■ **YOUR TASK**: Repeat nothing but the lines below running from the one containing "case (Suc b)" to the one containing "(f (Suc b))..max". Keep both end lines.

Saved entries
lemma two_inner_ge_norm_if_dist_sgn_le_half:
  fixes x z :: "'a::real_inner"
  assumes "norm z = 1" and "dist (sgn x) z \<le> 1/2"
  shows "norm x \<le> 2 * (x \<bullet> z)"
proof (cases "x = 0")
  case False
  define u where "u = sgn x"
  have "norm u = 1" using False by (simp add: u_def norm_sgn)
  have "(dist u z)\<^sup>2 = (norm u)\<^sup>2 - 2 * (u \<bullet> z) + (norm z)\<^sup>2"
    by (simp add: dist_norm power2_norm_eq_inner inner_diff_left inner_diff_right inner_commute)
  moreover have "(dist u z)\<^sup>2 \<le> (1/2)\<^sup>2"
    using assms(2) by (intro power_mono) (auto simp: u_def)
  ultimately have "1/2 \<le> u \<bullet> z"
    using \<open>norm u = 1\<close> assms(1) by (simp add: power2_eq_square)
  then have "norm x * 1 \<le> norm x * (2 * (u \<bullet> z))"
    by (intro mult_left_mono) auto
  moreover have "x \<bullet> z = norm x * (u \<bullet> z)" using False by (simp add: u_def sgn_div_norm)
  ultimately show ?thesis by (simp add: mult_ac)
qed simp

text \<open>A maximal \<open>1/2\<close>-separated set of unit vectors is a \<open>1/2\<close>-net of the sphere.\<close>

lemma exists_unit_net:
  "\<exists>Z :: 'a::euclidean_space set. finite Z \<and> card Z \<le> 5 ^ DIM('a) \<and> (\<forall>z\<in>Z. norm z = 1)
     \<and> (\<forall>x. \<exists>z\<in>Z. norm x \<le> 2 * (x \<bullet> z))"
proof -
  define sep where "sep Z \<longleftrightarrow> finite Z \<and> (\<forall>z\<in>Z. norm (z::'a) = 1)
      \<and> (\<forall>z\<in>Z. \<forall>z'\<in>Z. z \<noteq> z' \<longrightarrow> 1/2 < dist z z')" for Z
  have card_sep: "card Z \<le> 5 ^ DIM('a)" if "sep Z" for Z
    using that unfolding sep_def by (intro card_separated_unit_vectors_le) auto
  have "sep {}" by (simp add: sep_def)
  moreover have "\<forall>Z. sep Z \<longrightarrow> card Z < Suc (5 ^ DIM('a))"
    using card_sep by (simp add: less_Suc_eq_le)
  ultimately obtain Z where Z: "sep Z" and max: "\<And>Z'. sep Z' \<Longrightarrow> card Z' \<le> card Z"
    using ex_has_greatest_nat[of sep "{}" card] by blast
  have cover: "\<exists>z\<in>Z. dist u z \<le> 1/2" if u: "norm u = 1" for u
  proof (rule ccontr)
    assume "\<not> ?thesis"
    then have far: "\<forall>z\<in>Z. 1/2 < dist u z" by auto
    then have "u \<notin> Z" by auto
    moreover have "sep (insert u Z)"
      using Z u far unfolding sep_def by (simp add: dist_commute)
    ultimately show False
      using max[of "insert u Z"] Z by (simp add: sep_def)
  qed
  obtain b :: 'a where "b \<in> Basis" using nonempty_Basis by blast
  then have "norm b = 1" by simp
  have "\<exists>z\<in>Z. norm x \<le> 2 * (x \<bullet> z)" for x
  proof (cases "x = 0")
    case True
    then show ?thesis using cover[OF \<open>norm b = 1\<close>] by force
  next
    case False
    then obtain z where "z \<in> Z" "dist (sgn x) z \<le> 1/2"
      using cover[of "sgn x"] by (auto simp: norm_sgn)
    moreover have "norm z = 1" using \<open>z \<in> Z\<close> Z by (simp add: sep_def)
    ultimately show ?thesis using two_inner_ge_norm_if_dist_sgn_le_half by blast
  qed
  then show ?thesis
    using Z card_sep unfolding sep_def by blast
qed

--

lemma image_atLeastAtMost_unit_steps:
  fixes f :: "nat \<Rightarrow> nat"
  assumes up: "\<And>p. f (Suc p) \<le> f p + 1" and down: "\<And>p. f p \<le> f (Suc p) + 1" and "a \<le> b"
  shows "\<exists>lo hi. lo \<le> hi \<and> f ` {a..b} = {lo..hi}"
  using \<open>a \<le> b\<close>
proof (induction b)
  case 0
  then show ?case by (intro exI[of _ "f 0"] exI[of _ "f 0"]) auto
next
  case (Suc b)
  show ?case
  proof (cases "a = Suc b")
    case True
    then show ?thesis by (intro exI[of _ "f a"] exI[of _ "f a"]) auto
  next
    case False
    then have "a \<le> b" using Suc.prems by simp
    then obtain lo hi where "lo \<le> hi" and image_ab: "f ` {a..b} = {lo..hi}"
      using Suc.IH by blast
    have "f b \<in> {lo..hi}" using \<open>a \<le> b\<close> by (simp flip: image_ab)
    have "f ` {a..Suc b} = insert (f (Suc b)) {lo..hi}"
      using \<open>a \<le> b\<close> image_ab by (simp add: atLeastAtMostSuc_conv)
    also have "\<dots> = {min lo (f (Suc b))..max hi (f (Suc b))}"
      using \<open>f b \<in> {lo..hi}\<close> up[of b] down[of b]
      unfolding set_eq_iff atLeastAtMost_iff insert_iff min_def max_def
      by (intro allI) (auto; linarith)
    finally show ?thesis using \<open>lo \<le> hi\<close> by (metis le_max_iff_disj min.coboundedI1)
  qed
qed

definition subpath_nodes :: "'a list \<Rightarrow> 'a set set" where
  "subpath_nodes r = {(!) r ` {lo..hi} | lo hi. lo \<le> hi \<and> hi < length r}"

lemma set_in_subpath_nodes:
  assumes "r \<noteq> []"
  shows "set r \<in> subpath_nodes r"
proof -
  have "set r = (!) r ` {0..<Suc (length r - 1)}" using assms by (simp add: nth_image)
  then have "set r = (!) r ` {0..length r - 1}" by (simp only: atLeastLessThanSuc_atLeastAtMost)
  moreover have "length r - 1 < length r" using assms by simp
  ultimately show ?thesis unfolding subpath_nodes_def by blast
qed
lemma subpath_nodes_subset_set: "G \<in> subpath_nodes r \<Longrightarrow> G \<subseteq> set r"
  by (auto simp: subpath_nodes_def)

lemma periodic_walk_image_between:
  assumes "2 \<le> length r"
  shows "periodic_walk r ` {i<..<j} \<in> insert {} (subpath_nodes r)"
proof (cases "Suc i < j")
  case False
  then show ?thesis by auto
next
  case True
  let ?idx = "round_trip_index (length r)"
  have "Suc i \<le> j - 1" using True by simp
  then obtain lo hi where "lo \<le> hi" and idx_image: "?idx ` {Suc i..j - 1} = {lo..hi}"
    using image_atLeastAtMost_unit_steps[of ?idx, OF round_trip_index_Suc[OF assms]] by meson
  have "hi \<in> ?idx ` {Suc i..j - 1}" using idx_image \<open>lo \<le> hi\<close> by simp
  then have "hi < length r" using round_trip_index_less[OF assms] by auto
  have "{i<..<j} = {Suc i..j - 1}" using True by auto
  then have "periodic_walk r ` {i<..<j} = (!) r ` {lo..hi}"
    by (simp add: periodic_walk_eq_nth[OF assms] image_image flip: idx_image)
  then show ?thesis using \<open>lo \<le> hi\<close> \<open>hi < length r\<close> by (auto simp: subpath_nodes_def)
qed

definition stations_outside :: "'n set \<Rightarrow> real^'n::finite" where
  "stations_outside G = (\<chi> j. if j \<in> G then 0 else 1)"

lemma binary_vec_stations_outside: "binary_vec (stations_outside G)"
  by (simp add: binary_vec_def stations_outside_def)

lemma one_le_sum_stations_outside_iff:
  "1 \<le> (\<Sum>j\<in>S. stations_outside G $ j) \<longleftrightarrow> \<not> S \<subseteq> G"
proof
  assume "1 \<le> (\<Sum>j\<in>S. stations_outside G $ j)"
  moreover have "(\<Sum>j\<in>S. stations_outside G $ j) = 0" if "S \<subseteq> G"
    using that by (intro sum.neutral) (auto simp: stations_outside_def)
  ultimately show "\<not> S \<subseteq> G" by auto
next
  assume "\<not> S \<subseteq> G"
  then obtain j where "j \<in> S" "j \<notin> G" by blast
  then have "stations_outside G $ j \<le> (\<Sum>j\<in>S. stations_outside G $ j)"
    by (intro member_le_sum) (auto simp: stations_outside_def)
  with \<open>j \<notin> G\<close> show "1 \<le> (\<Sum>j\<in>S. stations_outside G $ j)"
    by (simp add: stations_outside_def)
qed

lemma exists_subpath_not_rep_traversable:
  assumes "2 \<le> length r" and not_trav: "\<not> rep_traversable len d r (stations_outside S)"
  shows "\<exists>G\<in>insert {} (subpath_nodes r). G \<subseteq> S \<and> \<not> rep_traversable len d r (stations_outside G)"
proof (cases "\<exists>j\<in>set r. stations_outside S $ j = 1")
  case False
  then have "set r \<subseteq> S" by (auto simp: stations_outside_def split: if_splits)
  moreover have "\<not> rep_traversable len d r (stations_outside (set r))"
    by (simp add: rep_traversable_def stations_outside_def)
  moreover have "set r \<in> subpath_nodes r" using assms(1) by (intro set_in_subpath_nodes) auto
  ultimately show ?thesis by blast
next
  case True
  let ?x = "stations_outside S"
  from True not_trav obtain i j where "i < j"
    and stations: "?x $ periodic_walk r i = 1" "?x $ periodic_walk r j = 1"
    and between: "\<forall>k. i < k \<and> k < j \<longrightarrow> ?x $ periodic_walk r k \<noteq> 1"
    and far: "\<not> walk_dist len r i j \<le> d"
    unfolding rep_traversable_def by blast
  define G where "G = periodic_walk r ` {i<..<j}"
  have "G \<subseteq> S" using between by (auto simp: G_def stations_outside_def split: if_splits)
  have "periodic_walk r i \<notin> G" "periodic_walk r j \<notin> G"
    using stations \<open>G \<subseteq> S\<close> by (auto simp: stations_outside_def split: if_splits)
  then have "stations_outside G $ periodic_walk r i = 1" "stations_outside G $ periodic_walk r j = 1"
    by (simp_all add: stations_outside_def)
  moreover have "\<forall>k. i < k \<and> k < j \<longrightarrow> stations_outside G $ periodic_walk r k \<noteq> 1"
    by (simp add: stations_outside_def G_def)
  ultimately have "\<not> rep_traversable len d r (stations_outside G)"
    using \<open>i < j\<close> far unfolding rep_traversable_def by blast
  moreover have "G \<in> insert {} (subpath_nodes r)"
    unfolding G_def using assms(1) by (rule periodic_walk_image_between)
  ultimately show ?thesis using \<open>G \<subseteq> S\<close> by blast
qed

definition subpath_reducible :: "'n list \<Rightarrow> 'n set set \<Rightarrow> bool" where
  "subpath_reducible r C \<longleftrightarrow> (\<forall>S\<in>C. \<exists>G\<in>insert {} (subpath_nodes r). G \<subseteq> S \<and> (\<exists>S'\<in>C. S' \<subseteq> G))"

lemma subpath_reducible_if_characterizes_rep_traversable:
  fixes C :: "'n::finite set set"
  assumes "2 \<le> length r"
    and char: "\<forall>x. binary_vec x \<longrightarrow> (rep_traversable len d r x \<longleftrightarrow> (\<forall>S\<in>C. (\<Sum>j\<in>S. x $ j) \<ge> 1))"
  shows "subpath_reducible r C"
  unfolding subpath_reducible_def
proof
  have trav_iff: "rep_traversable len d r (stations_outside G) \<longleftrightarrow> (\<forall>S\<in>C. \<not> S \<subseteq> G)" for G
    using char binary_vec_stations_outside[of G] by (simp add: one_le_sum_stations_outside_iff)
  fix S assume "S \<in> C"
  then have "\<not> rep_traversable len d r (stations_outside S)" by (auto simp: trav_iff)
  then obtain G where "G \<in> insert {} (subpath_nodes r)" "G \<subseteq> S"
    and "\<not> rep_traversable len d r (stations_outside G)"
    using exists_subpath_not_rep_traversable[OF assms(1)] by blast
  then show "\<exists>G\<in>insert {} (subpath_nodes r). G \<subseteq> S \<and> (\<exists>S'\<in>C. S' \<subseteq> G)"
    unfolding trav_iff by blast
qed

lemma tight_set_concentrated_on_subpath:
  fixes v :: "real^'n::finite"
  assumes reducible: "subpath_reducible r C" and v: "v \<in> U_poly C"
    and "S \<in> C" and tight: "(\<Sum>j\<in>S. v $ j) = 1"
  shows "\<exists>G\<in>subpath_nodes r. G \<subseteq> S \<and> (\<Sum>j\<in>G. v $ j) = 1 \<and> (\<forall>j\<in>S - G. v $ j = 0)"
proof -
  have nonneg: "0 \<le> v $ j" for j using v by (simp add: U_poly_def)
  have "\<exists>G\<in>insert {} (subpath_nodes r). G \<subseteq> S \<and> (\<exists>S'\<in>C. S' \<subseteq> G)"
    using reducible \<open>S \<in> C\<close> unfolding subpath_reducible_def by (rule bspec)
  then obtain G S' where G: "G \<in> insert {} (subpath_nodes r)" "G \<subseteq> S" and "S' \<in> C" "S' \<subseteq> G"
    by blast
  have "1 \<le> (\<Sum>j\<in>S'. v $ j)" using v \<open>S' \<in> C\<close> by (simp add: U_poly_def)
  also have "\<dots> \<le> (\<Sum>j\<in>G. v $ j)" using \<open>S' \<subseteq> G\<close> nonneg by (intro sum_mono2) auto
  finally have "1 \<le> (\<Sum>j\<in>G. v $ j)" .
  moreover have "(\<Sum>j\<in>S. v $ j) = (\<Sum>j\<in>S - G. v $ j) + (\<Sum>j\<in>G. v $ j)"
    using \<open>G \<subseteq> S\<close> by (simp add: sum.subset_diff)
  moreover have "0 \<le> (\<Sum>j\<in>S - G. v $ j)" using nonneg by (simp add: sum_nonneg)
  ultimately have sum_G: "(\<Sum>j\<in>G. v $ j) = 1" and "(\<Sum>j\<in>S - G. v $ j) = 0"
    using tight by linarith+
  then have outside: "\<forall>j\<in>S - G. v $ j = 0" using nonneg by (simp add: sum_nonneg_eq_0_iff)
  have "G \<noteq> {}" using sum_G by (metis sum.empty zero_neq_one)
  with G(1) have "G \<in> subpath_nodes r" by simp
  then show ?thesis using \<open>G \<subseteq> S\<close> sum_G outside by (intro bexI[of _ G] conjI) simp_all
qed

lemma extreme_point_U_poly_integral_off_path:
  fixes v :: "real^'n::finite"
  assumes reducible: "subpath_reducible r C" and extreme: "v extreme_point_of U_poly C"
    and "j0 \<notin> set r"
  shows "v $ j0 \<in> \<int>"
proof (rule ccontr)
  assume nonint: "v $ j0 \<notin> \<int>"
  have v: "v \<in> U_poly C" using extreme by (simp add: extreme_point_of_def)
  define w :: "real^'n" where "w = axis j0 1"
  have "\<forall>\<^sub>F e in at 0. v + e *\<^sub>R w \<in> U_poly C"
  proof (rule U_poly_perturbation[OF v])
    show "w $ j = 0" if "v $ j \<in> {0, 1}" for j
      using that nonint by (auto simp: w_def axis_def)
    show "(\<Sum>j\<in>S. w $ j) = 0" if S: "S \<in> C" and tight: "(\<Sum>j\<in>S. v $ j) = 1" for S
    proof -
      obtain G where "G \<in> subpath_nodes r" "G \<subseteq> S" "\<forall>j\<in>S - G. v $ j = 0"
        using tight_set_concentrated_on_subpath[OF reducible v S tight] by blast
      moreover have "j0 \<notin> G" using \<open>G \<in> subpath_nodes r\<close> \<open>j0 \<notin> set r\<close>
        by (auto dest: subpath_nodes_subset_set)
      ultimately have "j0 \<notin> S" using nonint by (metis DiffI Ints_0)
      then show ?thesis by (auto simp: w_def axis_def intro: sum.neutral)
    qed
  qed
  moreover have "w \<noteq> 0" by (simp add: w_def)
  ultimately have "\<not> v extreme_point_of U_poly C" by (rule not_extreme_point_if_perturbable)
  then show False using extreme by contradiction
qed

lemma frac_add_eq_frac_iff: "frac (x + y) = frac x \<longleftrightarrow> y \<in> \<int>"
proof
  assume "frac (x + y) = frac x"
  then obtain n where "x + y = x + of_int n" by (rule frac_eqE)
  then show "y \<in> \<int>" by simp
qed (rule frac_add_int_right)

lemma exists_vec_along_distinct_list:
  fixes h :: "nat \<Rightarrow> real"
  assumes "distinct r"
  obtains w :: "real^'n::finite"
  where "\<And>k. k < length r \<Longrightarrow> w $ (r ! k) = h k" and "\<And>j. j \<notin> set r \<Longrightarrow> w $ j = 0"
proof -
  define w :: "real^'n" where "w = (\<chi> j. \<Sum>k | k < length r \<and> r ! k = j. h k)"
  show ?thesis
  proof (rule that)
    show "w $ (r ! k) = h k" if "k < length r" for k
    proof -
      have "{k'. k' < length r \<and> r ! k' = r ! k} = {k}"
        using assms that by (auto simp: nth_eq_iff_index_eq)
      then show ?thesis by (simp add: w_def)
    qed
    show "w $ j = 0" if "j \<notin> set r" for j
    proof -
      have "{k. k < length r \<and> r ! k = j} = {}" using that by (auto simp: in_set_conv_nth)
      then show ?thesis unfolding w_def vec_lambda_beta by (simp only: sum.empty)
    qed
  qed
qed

■ **OUTPUT**:
  case (Suc b)
  show ?case
  proof (cases "a = Suc b")
    case True
    then show ?thesis by (intro exI[of _ "f a"] exI[of _ "f a"]) auto
  next
    case False
    then have "a \<le> b" using Suc.prems by simp
    then obtain lo hi where "lo \<le> hi" and image_ab: "f ` {a..b} = {lo..hi}"
      using Suc.IH by blast
    have "f b \<in> {lo..hi}" using \<open>a \<le> b\<close> by (simp flip: image_ab)
    have "f ` {a..Suc b} = insert (f (Suc b)) {lo..hi}"
      using \<open>a \<le> b\<close> image_ab by (simp add: atLeastAtMostSuc_conv)
    also have "\<dots> = {min lo (f (Suc b))..max hi (f (Suc b))}"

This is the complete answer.